■ WORK TO COMPLETE ■
Among the lines of data below, reproduce only those from the one with "E \<pi> x r" through the one with "text \<open>Inner boundary: vertices", exactly as they stand, both ends included.

(INFORMATION SUPPLIED Opens)

(* Let $\widehat{\Gamma}$ be a Harnack graph with controlled, uniformly lazy weights $(\pi,\mu)$, $K$ a set of vertices, $\Gamma:=\widehat\Gamma\setminus K$, and $V_{\partial\Gamma}(x,r)=\pi(B_{\widehat\Gamma}(x,r)\cap\partial\Gamma)$. Assume in addition that $V_{\partial\Gamma}$ is doubling: there is $D>0$ with $V_{\partial\Gamma}(z,2r)\le D\,V_{\partial\Gamma}(z,r)$ for all $z\in\partial\Gamma$, $r>0$. For $x\in\Gamma$ let $v_x\in\partial\Gamma$ be a point achieving $d(x,K)$, set $d_x:=d(x,K)$ and $\widetilde W(x,r):=V_{\widehat\Gamma}(x,r)/V_{\partial\Gamma}(v_x,r)$. Then there is a constant $C$ such that \[\psi_K(x)\le\sum_{n\ge d_x^2}\frac{C}{\widetilde W(x,\sqrt n)}\qquad\text{for all }x\in\Gamma\setminus\partial_I\Gamma.\]
   Context: $\widehat{\Gamma}=(\widehat V,\widehat E)$ is an infinite simple connected graph with symmetric edge weights $\mu_{xy}=\mu_{yx}$, $\mu_{xy}\ne0$ iff $x\sim y$, vertex weights $\pi>0$ with $\sum_{y\sim x}\mu_{xy}\le\pi(x)$; Markov kernel $\mathcal{K}(x,y)=\mu_{xy}/\pi(x)$ ($x\neq y$), $\mathcal{K}(x,x)=1-\sum_{z\sim x}\mu_{xz}/\pi(x)$. Controlled weights: $\exists C_c>1$ with $\mu_{xy}/\pi(x)\ge1/C_c$ for all $y\sim x$. Uniformly lazy: $\exists C_e\in(0,1)$ with $\mathcal{K}(x,x)\ge C_e$. $d$ is graph distance, $B_{\widehat\Gamma}(x,r)=\{y:d(x,y)\le r\}$, $V_{\widehat\Gamma}(x,r)=\pi(B_{\widehat\Gamma}(x,r))$. Heat kernel $p(n,x,y)=\mathcal{K}^n(x,y)/\pi(y)$; Harnack graph means two-sided Gaussian bounds $\frac{c_1}{V(x,\sqrt n)}e^{-d(x,y)^2/(c_2n)}\le p(n,x,y)\le\frac{c_3}{V(x,\sqrt n)}e^{-d(x,y)^2/(c_4 n)}$ for all $x,y$, $n\ge d(x,y)$. $\Gamma$ is the induced subgraph on $\widehat V\setminus K$; $\partial\Gamma$ = vertices outside $\Gamma$ adjacent to $\Gamma$; $\partial_I\Gamma$ = vertices of $\Gamma$ adjacent to a vertex outside $\Gamma$. $\psi_K(x)=\mathbb{P}^x(\tau_K<\infty)$, $\tau_K=\min\{n\ge0:X_n\in K\}$. *)

theory Defs
  imports "HOL-Analysis.Analysis" "HOL-Library.Extended_Nonnegative_Real"
begin

text \<open>Weighted graphs: the vertex set is the whole type 'v, adjacency is a
  predicate E (symmetric, irreflexive), edge weights mu, vertex weights pi.\<close>

definition nbrs :: "('v \<Rightarrow> 'v \<Rightarrow> bool) \<Rightarrow> 'v \<Rightarrow> 'v set" where
  "nbrs E x = {y. E x y}"

definition gdist :: "('v \<Rightarrow> 'v \<Rightarrow> bool) \<Rightarrow> 'v \<Rightarrow> 'v \<Rightarrow> nat" where
  "gdist E x y = (LEAST n. (E ^^ n) x y)"

definition gball :: "('v \<Rightarrow> 'v \<Rightarrow> bool) \<Rightarrow> 'v \<Rightarrow> real \<Rightarrow> 'v set" where
  "gball E x r = {y. real (gdist E x y) \<le> r}"

definition gvol :: "('v \<Rightarrow> 'v \<Rightarrow> bool) \<Rightarrow> ('v \<Rightarrow> real) \<Rightarrow> 'v \<Rightarrow> real \<Rightarrow> real" where
  "gvol E \<pi> x r = sum \<pi> (gball E x r)"

text \<open>Outer boundary of Gamma = V minus K: vertices of K adjacent to a vertex outside K.\<close>
definition outer_bdry :: "('v \<Rightarrow> 'v \<Rightarrow> bool) \<Rightarrow> 'v set \<Rightarrow> 'v set" where
  "outer_bdry E K = {y \<in> K. \<exists>x. x \<notin> K \<and> E x y}"

text \<open>Inner boundary: vertices of Gamma adjacent to a vertex of K.\<close>
definition inner_bdry :: "('v \<Rightarrow> 'v \<Rightarrow> bool) \<Rightarrow> 'v set \<Rightarrow> 'v set" where
  "inner_bdry E K = {x. x \<notin> K \<and> (\<exists>y\<in>K. E x y)}"

definition bdry_vol :: "('v \<Rightarrow> 'v \<Rightarrow> bool) \<Rightarrow> ('v \<Rightarrow> real) \<Rightarrow> 'v set \<Rightarrow> 'v \<Rightarrow> real \<Rightarrow> real" where
  "bdry_vol E \<pi> K x r = sum \<pi> (gball E x r \<inter> outer_bdry E K)"

definition dist_to_set :: "('v \<Rightarrow> 'v \<Rightarrow> bool) \<Rightarrow> 'v \<Rightarrow> 'v set \<Rightarrow> nat" where
  "dist_to_set E x K = Inf (gdist E x ` K)"

definition mkernel :: "('v \<Rightarrow> 'v \<Rightarrow> bool) \<Rightarrow> ('v \<Rightarrow> 'v \<Rightarrow> real) \<Rightarrow> ('v \<Rightarrow> real) \<Rightarrow> 'v \<Rightarrow> 'v \<Rightarrow> real" where
  "mkernel E \<mu> \<pi> x y =
     (if x = y then 1 - (\<Sum>z\<in>nbrs E x. \<mu> x z / \<pi> x) else \<mu> x y / \<pi> x)"

fun kpow :: "('v \<Rightarrow> 'v \<Rightarrow> bool) \<Rightarrow> ('v \<Rightarrow> 'v \<Rightarrow> real) \<Rightarrow> ('v \<Rightarrow> real) \<Rightarrow> nat \<Rightarrow> 'v \<Rightarrow> 'v \<Rightarrow> real" where
  "kpow E \<mu> \<pi> 0 x y = (if x = y then 1 else 0)"
| "kpow E \<mu> \<pi> (Suc n) x y =
     (\<Sum>z\<in>insert x (nbrs E x). mkernel E \<mu> \<pi> x z * kpow E \<mu> \<pi> n z y)"

definition heat_kernel :: "('v \<Rightarrow> 'v \<Rightarrow> bool) \<Rightarrow> ('v \<Rightarrow> 'v \<Rightarrow> real) \<Rightarrow> ('v \<Rightarrow> real) \<Rightarrow> nat \<Rightarrow> 'v \<Rightarrow> 'v \<Rightarrow> real" where
  "heat_kernel E \<mu> \<pi> n x y = kpow E \<mu> \<pi> n x y / \<pi> y"

text \<open>Harnack graph: two-sided Gaussian heat kernel bounds for n \<ge> d(x,y).\<close>
definition harnack_graph :: "('v \<Rightarrow> 'v \<Rightarrow> bool) \<Rightarrow> ('v \<Rightarrow> 'v \<Rightarrow> real) \<Rightarrow> ('v \<Rightarrow> real) \<Rightarrow> bool" where
  "harnack_graph E \<mu> \<pi> \<longleftrightarrow> (\<exists>c1 c2 c3 c4. c1 > 0 \<and> c2 > 0 \<and> c3 > 0 \<and> c4 > 0 \<and>
     (\<forall>x y n. gdist E x y \<le> n \<longrightarrow>
        c1 / gvol E \<pi> x (sqrt (real n)) * exp (- (real (gdist E x y))\<^sup>2 / (c2 * real n))
          \<le> heat_kernel E \<mu> \<pi> n x y \<and>
        heat_kernel E \<mu> \<pi> n x y
          \<le> c3 / gvol E \<pi> x (sqrt (real n)) * exp (- (real (gdist E x y))\<^sup>2 / (c4 * real n))))"

text \<open>P^x(tau_K \<le> n), where tau_K = min{n \<ge> 0. X_n \<in> K}, for the chain with kernel mkernel.\<close>
fun hit_le :: "('v \<Rightarrow> 'v \<Rightarrow> bool) \<Rightarrow> ('v \<Rightarrow> 'v \<Rightarrow> real) \<Rightarrow> ('v \<Rightarrow> real) \<Rightarrow> 'v set \<Rightarrow> nat \<Rightarrow> 'v \<Rightarrow> real" where
  "hit_le E \<mu> \<pi> K 0 x = (if x \<in> K then 1 else 0)"
| "hit_le E \<mu> \<pi> K (Suc n) x =
     (if x \<in> K then 1 else (\<Sum>z\<in>insert x (nbrs E x). mkernel E \<mu> \<pi> x z * hit_le E \<mu> \<pi> K n z))"

text \<open>psi_K(x) = P^x(tau_K < infinity) = sup_n P^x(tau_K \<le> n).\<close>
definition hit_prob :: "('v \<Rightarrow> 'v \<Rightarrow> bool) \<Rightarrow> ('v \<Rightarrow> 'v \<Rightarrow> real) \<Rightarrow> ('v \<Rightarrow> real) \<Rightarrow> 'v set \<Rightarrow> 'v \<Rightarrow> real" where
  "hit_prob E \<mu> \<pi> K x = (SUP n. hit_le E \<mu> \<pi> K n x)"

end

theory Submission
  imports Defs
begin

text \<open>A walk started in \<open>\<Gamma>\<close> can enter \<open>K\<close> only through the outer boundary, so
  \<open>\<psi>\<^sub>K(x)\<close> is at most the expected number of visits to \<open>\<partial>\<Gamma>\<close>, i.e. the sum over \<open>m\<close> of
  \<open>P\<^sup>x(X\<^sub>m \<in> \<partial>\<Gamma>)\<close>. By the Gaussian upper bound this probability is at most
  \<open>V(x,\<surd>m)\<^sup>-\<^sup>1\<close> times a Gaussian-weighted boundary mass; cutting \<open>\<partial>\<Gamma>\<close> into dyadic shells
  around \<open>x\<close> and using the doubling of \<open>V\<^sub>\<partial>\<^sub>\<Gamma>\<close> at the nearest boundary point \<open>v\<close> bounds
  that mass by \<open>C exp(-\<rho>\<^sup>2/(8 c m)) V\<^sub>\<partial>\<^sub>\<Gamma>(v,\<rho>)\<close> with \<open>\<rho> = max(d\<^sub>x, \<surd>m)\<close>.
  For \<open>m \<ge> d\<^sub>x\<^sup>2\<close> this is the \<open>m\<close>-th term of the series. For \<open>m < d\<^sub>x\<^sup>2\<close>, the two-sided
  bounds force volume doubling, the resulting polynomial growth of \<open>V\<close> is absorbed by the
  Gaussian factor, and each of these \<open>d\<^sub>x\<^sup>2\<close> terms is at most \<open>C V\<^sub>\<partial>\<^sub>\<Gamma>(v,d\<^sub>x)/V(x,2d\<^sub>x)\<close>,
  which is dominated by each term of the series with index in \<open>[d\<^sub>x\<^sup>2, 2d\<^sub>x\<^sup>2)\<close>.\<close>

lemma power_mult_exp_neg_le:
  fixes s a :: real
  assumes "s \<ge> 0" "a > 0"
  shows "s ^ N * exp (- s / a) \<le> (a * real N) ^ N"
proof (cases "N = 0")
  case True
  then show ?thesis
    using assms by simp
next
  case False
  have "(s / (a * N)) ^ N \<le> exp (s / (a * N)) ^ N"
    using assms by (intro power_mono order_trans[OF _ exp_ge_add_one_self]) auto
  also have "\<dots> = exp (s / a)"
    using False by (simp flip: exp_of_nat_mult)
  finally have "s ^ N \<le> (a * N) ^ N * exp (s / a)"
    using False assms(2) by (simp add: power_divide divide_le_eq mult.commute)
  then show ?thesis
    by (simp add: exp_minus field_simps)
qed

(INFORMATION SUPPLIED Closes)

■ TASK RESPONSE ■
  "gvol E \<pi> x r = sum \<pi> (gball E x r)"

text \<open>Outer boundary of Gamma = V minus K: vertices of K adjacent to a vertex outside K.\<close>
definition outer_bdry :: "('v \<Rightarrow> 'v \<Rightarrow> bool) \<Rightarrow> 'v set \<Rightarrow> 'v set" where
  "outer_bdry E K = {y \<in> K. \<exists>x. x \<notin> K \<and> E x y}"

text \<open>Inner boundary: vertices of Gamma adjacent to a vertex of K.\<close>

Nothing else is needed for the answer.